Meyerise Hits New Psf Price High 2771 Psf

Posted on December 20, 2024

as demand for new homes jumps#1 in Singapore: District 9 makes record high PPI gainCondo prices hit record high in Q3

The Meyerise achieved a new price peak when a 1,270 sq ft unit was sold for $3.52 million on Dec 6. (Photo: Samuel Isaac Chua / EdgeProp Singapore)

The Meyerise, a freehold condo, emerged as the top choice among private condos that saw a new psf-price high in the week from Nov 29 to Dec 6.A unit on the 24th floor changed hands for $3.52 million on Dec 6, setting a new price record of $2,771 psf. This is slightly above the previous price peak of $2,764 psf, which was achieved in Oct 2019. The previous record was set when a larger, 1,819 sq ft condo unit on the 28th floor was purchased for $5.03 million.The sellers of the unit sold had bought it a few years ago, in May 2016, for an estimated $2.32 million, or $1,830 psf, making a profit of about $1.2 million over around eight years.The Meyerise has seen a total of nine units sold this year at an average price of $2,405 psf.

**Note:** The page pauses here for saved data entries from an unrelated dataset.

lemma l2_finite_support:
  assumes "finite F" "\<And>i. i \<notin> F \<Longrightarrow> x i = 0"
  shows "x \<in> l2"
  unfolding l2_def mem_Collect_eq
  by (rule finite_nonzero_values_imp_summable_on) (use assms in \<open>auto intro: finite_subset\<close>)

lemma l2_add:
  assumes "x \<in> l2" "y \<in> l2"
  shows "(\<lambda>i. x i + y i) \<in> l2"
proof -
  have bound: "(cmod (a + b))\<^sup>2 \<le> 2 * (cmod a)\<^sup>2 + 2 * (cmod b)\<^sup>2" for a b :: complex
  proof -
    have "(cmod (a + b))\<^sup>2 \<le> (cmod a + cmod b)\<^sup>2"
      by (simp add: power_mono norm_triangle_ineq)
    also have "\<dots> \<le> 2 * (cmod a)\<^sup>2 + 2 * (cmod b)\<^sup>2"
      by (smt (verit) sum_squares_bound power2_sum)
    finally show ?thesis .
  qed
  have "(\<lambda>i. 2 * (cmod (x i))\<^sup>2 + 2 * (cmod (y i))\<^sup>2) summable_on UNIV"
    using assms unfolding l2_def by (intro summable_on_add summable_on_cmult_right) auto
  thus ?thesis
    unfolding l2_def mem_Collect_eq by (rule summable_on_comparison_test) (auto simp: bound)
qed

lemma l2_scale:
  assumes "x \<in> l2"
  shows "(\<lambda>i. c * x i) \<in> l2"
proof -
  have "(\<lambda>i. (cmod c)\<^sup>2 * (cmod (x i))\<^sup>2) summable_on UNIV"
    using assms unfolding l2_def by (intro summable_on_cmult_right) auto
  thus ?thesis unfolding l2_def by (simp add: norm_mult power_mult_distrib)
qed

The most expensive unit to change hands this year is the 2,056 sq ft, four-bedroom-plus-study unit on the seventh floor, which went for $4.5 million, or $2,189 psf, in October 2020. Completed in 2015, The Meyerise is a 239-unit freehold condo located on prime District 15’s Meyer Road. It features twin 31-storey residential towers, with apartment units ranging between two- and four-bedroom configurations spanning 872 to 5,490 sq ft.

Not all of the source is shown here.